> Provided records
§ §
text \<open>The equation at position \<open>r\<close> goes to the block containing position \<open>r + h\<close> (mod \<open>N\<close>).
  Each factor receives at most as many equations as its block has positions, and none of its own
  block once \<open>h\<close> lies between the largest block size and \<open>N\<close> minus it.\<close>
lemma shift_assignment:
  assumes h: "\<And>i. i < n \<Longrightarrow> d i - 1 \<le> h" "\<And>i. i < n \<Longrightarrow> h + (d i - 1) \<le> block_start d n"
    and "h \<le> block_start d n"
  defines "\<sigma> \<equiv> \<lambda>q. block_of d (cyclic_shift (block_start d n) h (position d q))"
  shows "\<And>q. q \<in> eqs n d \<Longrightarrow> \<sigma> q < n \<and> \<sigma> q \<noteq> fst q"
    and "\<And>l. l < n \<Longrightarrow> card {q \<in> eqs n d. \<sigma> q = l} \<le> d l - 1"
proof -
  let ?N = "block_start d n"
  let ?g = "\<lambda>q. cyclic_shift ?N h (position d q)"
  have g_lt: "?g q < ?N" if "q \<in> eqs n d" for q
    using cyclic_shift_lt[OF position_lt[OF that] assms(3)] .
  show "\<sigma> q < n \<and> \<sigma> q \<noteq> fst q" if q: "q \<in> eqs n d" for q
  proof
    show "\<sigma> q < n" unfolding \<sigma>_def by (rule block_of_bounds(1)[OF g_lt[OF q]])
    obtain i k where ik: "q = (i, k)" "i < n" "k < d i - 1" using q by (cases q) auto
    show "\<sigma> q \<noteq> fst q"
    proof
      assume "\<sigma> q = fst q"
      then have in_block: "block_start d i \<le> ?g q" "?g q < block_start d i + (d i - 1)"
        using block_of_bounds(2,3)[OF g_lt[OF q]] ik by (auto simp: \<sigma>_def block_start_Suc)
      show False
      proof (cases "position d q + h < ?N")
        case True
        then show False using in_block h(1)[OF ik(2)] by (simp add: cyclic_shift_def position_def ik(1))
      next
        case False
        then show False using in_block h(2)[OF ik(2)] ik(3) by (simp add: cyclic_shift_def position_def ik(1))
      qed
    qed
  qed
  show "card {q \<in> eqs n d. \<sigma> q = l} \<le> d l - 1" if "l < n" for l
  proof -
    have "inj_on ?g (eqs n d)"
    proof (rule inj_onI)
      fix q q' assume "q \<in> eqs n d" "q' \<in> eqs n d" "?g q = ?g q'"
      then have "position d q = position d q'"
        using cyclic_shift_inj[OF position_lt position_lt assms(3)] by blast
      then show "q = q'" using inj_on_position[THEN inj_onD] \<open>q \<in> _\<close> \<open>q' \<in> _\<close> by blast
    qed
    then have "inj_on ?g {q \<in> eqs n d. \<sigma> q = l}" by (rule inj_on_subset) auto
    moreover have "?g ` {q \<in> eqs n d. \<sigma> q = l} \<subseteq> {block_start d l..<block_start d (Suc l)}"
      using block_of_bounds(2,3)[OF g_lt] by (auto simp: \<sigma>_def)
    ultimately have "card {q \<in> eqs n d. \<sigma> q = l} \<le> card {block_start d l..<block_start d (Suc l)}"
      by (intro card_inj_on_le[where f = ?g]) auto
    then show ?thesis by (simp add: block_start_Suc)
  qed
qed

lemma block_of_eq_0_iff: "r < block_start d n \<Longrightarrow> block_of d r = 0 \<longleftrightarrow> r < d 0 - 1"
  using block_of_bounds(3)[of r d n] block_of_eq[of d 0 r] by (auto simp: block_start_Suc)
§ §
> Required work
All records must be transcribed exactly, with none left out.

> Result of the exercise
text \<open>The equation at position \<open>r\<close> goes to the block containing position \<open>r + h\<close> (mod \<open>N\<close>).
  Each factor receives at most as many equations as its block has positions, and none of its own
  block once \<open>h\<close> lies between the largest block size and \<open>N\<close> minus it.\<close>
lemma shift_assignment:
  assumes h: "\<And>i. i < n \<Longrightarrow> d i - 1 \<le> h" "\<And>i. i < n \<Longrightarrow> h + (d i - 1) \<le> block_start d n"
    and "h \<le> block_start d n"
  defines "\<sigma> \<equiv> \<lambda>q. block_of d (cyclic_shift (block_start d n) h (position d q))"
  shows "\<And>q. q \<in> eqs n d \<Longrightarrow> \<sigma> q < n \<and> \<sigma> q \<noteq> fst q"
    and "\<And>l. l < n \<Longrightarrow> card {q \<in> eqs n d. \<sigma> q = l} \<le> d l - 1"
proof -
  let ?N = "block_start d n"
  let ?g = "\<lambda>q. cyclic_shift ?N h (position d q)"
  have g_lt: "?g q < ?N" if "q \<in> eqs n d" for q
    using cyclic_shift_lt[OF position_lt[OF that] assms(3)] .
  show "\<sigma> q < n \<and> \<sigma> q \<noteq> fst q" if q: "q \<in> eqs n d" for q
  proof
    show "\<sigma> q < n" unfolding \<sigma>_def by (rule block_of_bounds(1)[OF g_lt[OF q]])
    obtain i k where ik: "q = (i, k)" "i < n" "k < d i - 1" using q by (cases q) auto
    show "\<sigma> q \<noteq> fst q"
    proof
      assume "\<sigma> q = fst q"
      then have in_block: "block_start d i \<le> ?g q" "?g q < block_start d i + (d i - 1)"
        using block_of_bounds(2,3)[OF g_lt[OF q]] ik by (auto simp: \<sigma>_def block_start_Suc)
      show False
      proof (cases "position d q + h < ?N")
        case True
        then show False using in_block h(1)[OF ik(2)] by (simp add: cyclic_shift_def position_def ik(1))
      next
        case False
        then show False using in_block h(2)[OF ik(2)] ik(3) by (simp add: cyclic_shift_def position_def ik(1))
      qed
    qed
  qed
  show "card {q \<in> eqs n d. \<sigma> q = l} \<le> d l - 1" if "l < n" for l
  proof -
    have "inj_on ?g (eqs n d)"
    proof (rule inj_onI)
      fix q q' assume "q \<in> eqs n d" "q' \<in> eqs n d" "?g q = ?g q'"
      then have "position d q = position d q'"
        using cyclic_shift_inj[OF position_lt position_lt assms(3)] by blast
      then show "q = q'" using inj_on_position[THEN inj_onD] \<open>q \<in> _\<close> \<open>q' \<in> _\<close> by blast
    qed
    then have "inj_on ?g {q \<in> eqs n d. \<sigma> q = l}" by (rule inj_on_subset) auto
    moreover have "?g ` {q \<in> eqs n d. \<sigma> q = l} \<subseteq> {block_start d l..<block_start d (Suc l)}"
      using block_of_bounds(2,3)[OF g_lt] by (auto simp: \<sigma>_def)
    ultimately have "card {q \<in> eqs n d. \<sigma> q = l} \<le> card {block_start d l..<block_start d (Suc l)}"
      by (intro card_inj_on_le[where f = ?g]) auto
    then show ?thesis by (simp add: block_start_Suc)
  qed
qed

lemma block_of_eq_0_iff: "r < block_start d n \<Longrightarrow> block_of d r = 0 \<longleftrightarrow> r < d 0 - 1"
  using block_of_bounds(3)[of r d n] block_of_eq[of d 0 r] by (auto simp: block_start_Suc)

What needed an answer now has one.